Weyerhaeuser Co. v. Ross-Simmons Hardwood Lumber Co. Inc. (20 February 2007)
Defendant and plaintiff were competitors, both operated sawmills and purchased red alder sawlogs for their mills. Some of the logs are purchased through long term contracts, some are obtained from the mill owner’s property, and some are acquired through bidding. Plaintiff alleged that defendant placed bids at very high prices, forcing the price of logs to go up, thereby forcing plaintiff to pay more for his logs too, which forced plaintiff to increase his sales prices. The result was that defendant’s predatory strategy drove plaintiff out of business. In the lower courts plaintiff was successful in an action based on s.2 Sherman Act, in particular the courts did not think that predatory bidding was comparable to predatory pricing, so the strict standards set out by the Supreme Court in Brooke Group (1993) did not apply.
The Supreme Court disagreed, ruled that predatory bidding is judged by the same standards as predatory pricing, and because plaintiff admitted it was unable to prove the elements required by Brooke Group, the claim was unsuccessful. The judgment comes a short time after the CFI ruled on predatory pricing (see earlier entry in this blog) and holds two lessons for the EU: (1) how to use economics to analyse disputes; (2) how to write judgments.
(1) The use of economics
First, the Court explored whether predatory bidding (the exercise of monopsony power; that is, buyer power) is comparable to predatory pricing. The logic is similar: in a first period the predator engages in a measure that raises rivals’ costs (here by bidding high, increasing the price of the inputs and forcing competitors to pay more); in a second period, once competitors have been driven out of business, the predator uses its monopsony power to force sellers of input to lower the prices. As with predatory pricing, the first period represent’s the predator’s ‘investment’ – he suffers losses of profit and his dominance allows him to survive while competitors go out of business. The second period is when he recovers that investment by getting low prices for the inputs, recovering the losses made in the first. Accordingly, the legal standard for predatory bidding should be the same as that for predatory pricing.
Second, the Court held that aggressive commercial tactics are the very essence of competition, and that there were a myriad of reasons why buying inputs at high prices could be innocent, or even pro-competitive: (1) miscalculation of input needs; (2) a response to increased consumer demand; (3) a more efficient firm might bid up input prices to gain market share in the output market; (4) a firm that adopted an input intensive production process might bid to increase the inputs; (5) a firm might buy a lot of inputs today to hedge against future shortages. ‘There is nothing illicit about these bidding decisions. Indeed, this sort of high bidding is essential to competition and innovation.’

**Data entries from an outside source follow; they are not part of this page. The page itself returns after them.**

lemma row_col_split_exists:
  fixes w :: "'a \<Rightarrow> 'b \<Rightarrow> real"
  assumes "finite E" "finite F" "\<forall>i\<in>E. 0 \<le> p i" "\<forall>j\<in>F. 0 \<le> q j"
    and "\<forall>E'\<subseteq>E. \<forall>F'\<subseteq>F. E' \<noteq> {} \<longrightarrow> F' \<noteq> {} \<longrightarrow>
           (\<Sum>i\<in>E'. \<Sum>j\<in>F'. w i j) \<le> max (sum p E') (sum q F')"
  shows "\<exists>A. row_col_split E F p q w A"
  using assms
proof (induction "card E + card F" arbitrary: E F rule: less_induct)
  case less
  show ?case
  proof (cases "E = {} \<or> F = {}")
    case True
    then show ?thesis
      using less.prems(3,4) by (auto simp: row_col_split_def)
  next
    case False
    then have total: "(\<Sum>i\<in>E. \<Sum>j\<in>F. w i j) \<le> max (sum p E) (sum q F)"
      using less.prems(5) by blast
    consider "(\<Sum>i\<in>E. \<Sum>j\<in>F. w i j) \<le> sum p E" | "(\<Sum>j\<in>F. \<Sum>i\<in>E. w i j) \<le> sum q F"
      using total sum.swap[of w F E] by linarith
    then show ?thesis
    proof cases
      case 1
      then obtain i where i: "i \<in> E" "(\<Sum>j\<in>F. w i j) \<le> p i"
        using ex_le_of_sum_le less.prems(1) False by blast
      have "card (E - {i}) + card F < card E + card F"
        using card_Diff1_less[OF less.prems(1) i(1)] by simp
      then have "\<exists>A. row_col_split (E - {i}) F p q w A"
        by (rule less.hyps) (use less.prems in \<open>simp_all, meson Diff_subset subset_trans\<close>)
      then obtain A where "row_col_split (E - {i}) F p q w A" ..
      with less.prems(1) i show ?thesis
        by (auto intro: row_col_split_insert_row)
    next
      case 2
      then obtain j where j: "j \<in> F" "(\<Sum>i\<in>E. w i j) \<le> q j"
        using ex_le_of_sum_le less.prems(2) False by blast
      have "card E + card (F - {j}) < card E + card F"
        using card_Diff1_less[OF less.prems(2) j(1)] by simp
      then have "\<exists>A. row_col_split E (F - {j}) p q w A"
        by (rule less.hyps) (use less.prems in \<open>simp_all, meson Diff_subset subset_trans\<close>)
      then obtain A where "row_col_split E (F - {j}) p q w A" ..
      then have "row_col_split (F - {j}) E q p (\<lambda>j i. w i j) {(j, i). (i, j) \<notin> A}"
        by (rule row_col_split_transpose)
      with less.prems(2) j have "row_col_split F E q p (\<lambda>j i. w i j) ({(j, i). (i, j) \<notin> A} \<union> {j} \<times> UNIV)"
        by (intro row_col_split_insert_row) auto
      from row_col_split_transpose[OF this] show ?thesis
        by auto
    qed
  qed
qed

lemma l1_norm_ind_mult_Times:
  assumes "E \<subseteq> {1..m}" "F \<subseteq> {1..n}"
  shows "l1_norm m n \<mu> \<nu> (ind_mult (E \<times> F) a) = (\<Sum>i\<in>E. \<Sum>j\<in>F. \<bar>a i j\<bar> * \<mu> i * \<nu> j)"
proof -
  have "l1_norm m n \<mu> \<nu> (ind_mult (E \<times> F) a) =
      (\<Sum>i\<in>{1..m}. if i \<in> E then \<Sum>j\<in>{1..n}. if j \<in> F then \<bar>a i j\<bar> * \<mu> i * \<nu> j else 0 else 0)"
    unfolding l1_norm_def ind_mult_def by (auto intro!: sum.cong)
  also have "\<dots> = (\<Sum>i\<in>{1..m} \<inter> E. \<Sum>j\<in>{1..n} \<inter> F. \<bar>a i j\<bar> * \<mu> i * \<nu> j)"
    by (simp only: sum.inter_restrict[OF finite_atLeastAtMost, symmetric])
  finally show ?thesis
    using assms by (simp add: Int_absorb1)
qed

lemma triple_norm_upper:
  assumes "E \<subseteq> {1..m}" "E \<noteq> {}" "F \<subseteq> {1..n}" "F \<noteq> {}"
  shows "l1_norm m n \<mu> \<nu> (ind_mult (E \<times> F) a) / max (meas \<mu> E) (meas \<nu> F / t)
         \<le> triple_norm m n \<mu> \<nu> t a"
proof -
  let ?I = "{(E, F). E \<subseteq> {1..m} \<and> E \<noteq> {} \<and> F \<subseteq> {1..n} \<and> F \<noteq> {}}"
  have "finite ?I"
    by (rule finite_subset[of _ "Pow {1..m} \<times> Pow {1..n}"]) auto
  then show ?thesis
    unfolding triple_norm_def using assms
    by (intro cSUP_upper2[where x = "(E, F)"]) (auto intro: bdd_above_finite)
qed

lemma triple_norm_nonneg:
  assumes "m \<ge> 1" "n \<ge> 1" "\<And>i. i \<in> {1..m} \<Longrightarrow> \<mu> i \<ge> 0" "\<And>j. j \<in> {1..n} \<Longrightarrow> \<nu> j \<ge> 0"
  shows "0 \<le> triple_norm m n \<mu> \<nu> t a"
proof -
  have "0 \<le> l1_norm m n \<mu> \<nu> (ind_mult ({1} \<times> {1}) a) / max (meas \<mu> {1}) (meas \<nu> {1} / t)"
    unfolding l1_norm_def meas_def using assms
    by (intro divide_nonneg_nonneg sum_nonneg mult_nonneg_nonneg) (auto simp: le_max_iff_disj)
  also have "\<dots> \<le> triple_norm m n \<mu> \<nu> t a"
    by (rule triple_norm_upper) (use assms in auto)
  finally show ?thesis .
qed

lemma row_norm_le_iff:
  assumes "m \<ge> 1"
  shows "row_norm m n \<nu> b \<le> s \<longleftrightarrow> (\<forall>i\<in>{1..m}. (\<Sum>j\<in>{1..n}. \<bar>b i j\<bar> * \<nu> j) \<le> s)"
  unfolding row_norm_def using assms by (subst Max_le_iff) auto

lemma col_norm_le_iff:
  assumes "n \<ge> 1"
  shows "col_norm m n \<mu> b \<le> s \<longleftrightarrow> (\<forall>j\<in>{1..n}. (\<Sum>i\<in>{1..m}. \<bar>b i j\<bar> * \<mu> i) \<le> s)"
  unfolding col_norm_def using assms by (subst Max_le_iff) auto

lemma row_norm_nonneg:
  assumes "m \<ge> 1" "\<And>j. j \<in> {1..n} \<Longrightarrow> \<nu> j \<ge> 0"
  shows "0 \<le> row_norm m n \<nu> b"
proof -
  have "0 \<le> (\<Sum>j\<in>{1..n}. \<bar>b 1 j\<bar> * \<nu> j)"
    using assms by (intro sum_nonneg) simp
  also have "\<dots> \<le> row_norm m n \<nu> b"
    unfolding row_norm_def using assms by (intro Max_ge) auto
  finally show ?thesis .
qed

lemma col_norm_nonneg:
  assumes "n \<ge> 1" "\<And>i. i \<in> {1..m} \<Longrightarrow> \<mu> i \<ge> 0"
  shows "0 \<le> col_norm m n \<mu> b"
proof -
  have "0 \<le> (\<Sum>i\<in>{1..m}. \<bar>b i 1\<bar> * \<mu> i)"
    using assms by (intro sum_nonneg) simp
  also have "\<dots> \<le> col_norm m n \<mu> b"
    unfolding col_norm_def using assms by (intro Max_ge) auto
  finally show ?thesis .
qed

lemma K_func_le:
  assumes "m \<ge> 1" "n \<ge> 1" "\<And>i. i \<in> {1..m} \<Longrightarrow> \<mu> i \<ge> 0" "\<And>j. j \<in> {1..n} \<Longrightarrow> \<nu> j \<ge> 0"
    and "t \<ge> 0" and "\<forall>i\<in>{1..m}. \<forall>j\<in>{1..n}. a i j = b i j + c i j"
  shows "K_func m n \<mu> \<nu> t a \<le> row_norm m n \<nu> b + t * col_norm m n \<mu> c"
  unfolding K_func_def
proof (rule cInf_lower)
  show "row_norm m n \<nu> b + t * col_norm m n \<mu> c \<in> {row_norm m n \<nu> b + t * col_norm m n \<mu> c | b c.
          \<forall>i\<in>{1..m}. \<forall>j\<in>{1..n}. a i j = b i j + c i j}"
    using assms(6) by blast
  show "bdd_below {row_norm m n \<nu> b + t * col_norm m n \<mu> c | b c.
          \<forall>i\<in>{1..m}. \<forall>j\<in>{1..n}. a i j = b i j + c i j}"
    using row_norm_nonneg[OF assms(1,4)] col_norm_nonneg[OF assms(2,3)] \<open>t \<ge> 0\<close>
    by (intro bdd_belowI[of _ 0]) auto
qed

lemma triple_norm_rectangle_bound:
  assumes "\<And>i. i \<in> {1..m} \<Longrightarrow> \<mu> i > 0" and "triple_norm m n \<mu> \<nu> t a \<le> s" "0 \<le> s"
    and EF: "E \<subseteq> {1..m}" "F \<subseteq> {1..n}" "E \<noteq> {}" "F \<noteq> {}"
  shows "(\<Sum>i\<in>E. \<Sum>j\<in>F. \<bar>a i j\<bar> * \<mu> i * \<nu> j) \<le> max (\<Sum>i\<in>E. s * \<mu> i) (\<Sum>j\<in>F. s / t * \<nu> j)"
proof -
  have "0 < meas \<mu> E"
    unfolding meas_def using EF assms(1) by (intro sum_pos) (auto intro: finite_subset)
  then have pos: "0 < max (meas \<mu> E) (meas \<nu> F / t)"
    by linarith
  have "(\<Sum>i\<in>E. \<Sum>j\<in>F. \<bar>a i j\<bar> * \<mu> i * \<nu> j) / max (meas \<mu> E) (meas \<nu> F / t) \<le> s"
    using order_trans[OF triple_norm_upper[OF EF(1,3,2,4)] assms(2)] l1_norm_ind_mult_Times[OF EF(1,2)]
    by simp
  then have "(\<Sum>i\<in>E. \<Sum>j\<in>F. \<bar>a i j\<bar> * \<mu> i * \<nu> j) \<le> s * max (meas \<mu> E) (meas \<nu> F / t)"
    using pos by (simp add: divide_le_eq)
  also have "\<dots> = max (\<Sum>i\<in>E. s * \<mu> i) (\<Sum>j\<in>F. s / t * \<nu> j)"
    using \<open>0 \<le> s\<close> by (simp add: max_mult_distrib_left meas_def sum_distrib_left sum_divide_distrib)
  finally show ?thesis .
qed

lemma row_col_split_norm_bounds:
  assumes "m \<ge> 1" "n \<ge> 1" and \<mu>_pos: "\<And>i. i \<in> {1..m} \<Longrightarrow> \<mu> i > 0"
    and \<nu>_pos: "\<And>j. j \<in> {1..n} \<Longrightarrow> \<nu> j > 0"
    and split: "row_col_split {1..m} {1..n} (\<lambda>i. s * \<mu> i) (\<lambda>j. s' * \<nu> j)
                  (\<lambda>i j. \<bar>a i j\<bar> * \<mu> i * \<nu> j) A"
  shows "row_norm m n \<nu> (ind_mult (A \<inter> {1..m} \<times> {1..n}) a) \<le> s"
    and "col_norm m n \<mu> (ind_mult ({1..m} \<times> {1..n} - A) a) \<le> s'"
proof -
  show "row_norm m n \<nu> (ind_mult (A \<inter> {1..m} \<times> {1..n}) a) \<le> s"
    unfolding row_norm_le_iff[OF \<open>m \<ge> 1\<close>]
  proof
    fix i assume i: "i \<in> {1..m}"
    have "\<mu> i * (\<Sum>j\<in>{1..n}. \<bar>ind_mult (A \<inter> {1..m} \<times> {1..n}) a i j\<bar> * \<nu> j)
        = (\<Sum>j\<in>{1..n}. if (i, j) \<in> A then \<bar>a i j\<bar> * \<mu> i * \<nu> j else 0)"
      using i by (auto simp: sum_distrib_left ind_mult_def intro!: sum.cong)
    also have "\<dots> = (\<Sum>j | j \<in> {1..n} \<and> (i, j) \<in> A. \<bar>a i j\<bar> * \<mu> i * \<nu> j)"
      by (rule sum.inter_filter[symmetric]) simp
    also have "\<dots> \<le> \<mu> i * s"
      using split i by (simp add: row_col_split_def mult.commute)
    finally show "(\<Sum>j\<in>{1..n}. \<bar>ind_mult (A \<inter> {1..m} \<times> {1..n}) a i j\<bar> * \<nu> j) \<le> s"
      using \<mu>_pos[OF i] by (rule mult_left_le_imp_le)
  qed
  show "col_norm m n \<mu> (ind_mult ({1..m} \<times> {1..n} - A) a) \<le> s'"
    unfolding col_norm_le_iff[OF \<open>n \<ge> 1\<close>]
  proof
    fix j assume j: "j \<in> {1..n}"
    have "\<nu> j * (\<Sum>i\<in>{1..m}. \<bar>ind_mult ({1..m} \<times> {1..n} - A) a i j\<bar> * \<mu> i)
        = (\<Sum>i\<in>{1..m}. if (i, j) \<notin> A then \<bar>a i j\<bar> * \<mu> i * \<nu> j else 0)"
      using j by (auto simp: sum_distrib_left ind_mult_def intro!: sum.cong)
    also have "\<dots> = (\<Sum>i | i \<in> {1..m} \<and> (i, j) \<notin> A. \<bar>a i j\<bar> * \<mu> i * \<nu> j)"
      by (rule sum.inter_filter[symmetric]) simp
    also have "\<dots> \<le> \<nu> j * s'"
      using split j by (simp add: row_col_split_def mult.commute)
    finally show "(\<Sum>i\<in>{1..m}. \<bar>ind_mult ({1..m} \<times> {1..n} - A) a i j\<bar> * \<mu> i) \<le> s'"
      using \<nu>_pos[OF j] by (rule mult_left_le_imp_le)
  qed
qed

Third, the Court noted that like predatory pricing, a failed attempt of predatory bidding is benign. The monopsonist who buys more goods, will be in a position to sell more to consumers, and provided he does not have monopoly power on the selling side, this means that consumers get more goods at competitive prices.
Two things follow from this analysis: (a) predatory bidding is a high risk strategy that has many efficiency justifications; (b) a failed attempt to achieve the rival’s exclusion does not harm consumers. Therefore, a high standard of proof is necessary or there is a ‘risk of chilling pro-competitive behaviour with too law a liability standard.’
The legal test therefore is the same as for predatory pricing: (1) the predatory bidding results in below cost output sales; (2) there is a dangerous probability that the losses in the first period will be recouped through the exercise of monopsony power.
When will European courts think about aggressive commercial behaviour in this way?
Even those who think that a more lenient standard should apply and that Europe is right to be tougher on predators might take an interest in the lower court’s decision. The 9th Circuit held that three things needed proof: anticompetitive conduct through predatory overbidding, intended specifically to eliminate competition, and a dangerous probability of achieving monopoly power .
On intention, the court used evidence which in my mind is more compelling than that in the Wanadoo case. The court used three types of evidence: (1) Defendant’s anticompetitive conduct itself, (2) the testimony of Defendant’s employees, and (3) Defendant’s business projections regarding sawlog prices. Note that (2) is trial based testimony, not internal memoranda. Note also how items (1) and (3) show that Defendant had calculated what it would take to outs plaintiff. This evidence is much more specific than that which the CFI relied upon.
(2) Judicial Style
This decision is 16 pages of a pdf file. The first paragraph is a concise statement of the key points. The facts are examined in a succinct manner. Quotes from previous cases are brief and to the point. Academic literature is mentioned. The case can easily be read, and understood, while commuting on the tube. It is unfortunate that the style of judgment in the European Courts cannot be as clear and as concise.
Interestingly perhaps, the Court eschews mention of wider debates about the nature of S.2 monopolisation claims, a topical issue in light of the current hearings on single firm conduct. Perhaps the Court thinks it best if the law develops incrementally rather than setting out general standards for anticompetitive behaviour like the no economic sense test, or the as efficient competitor test.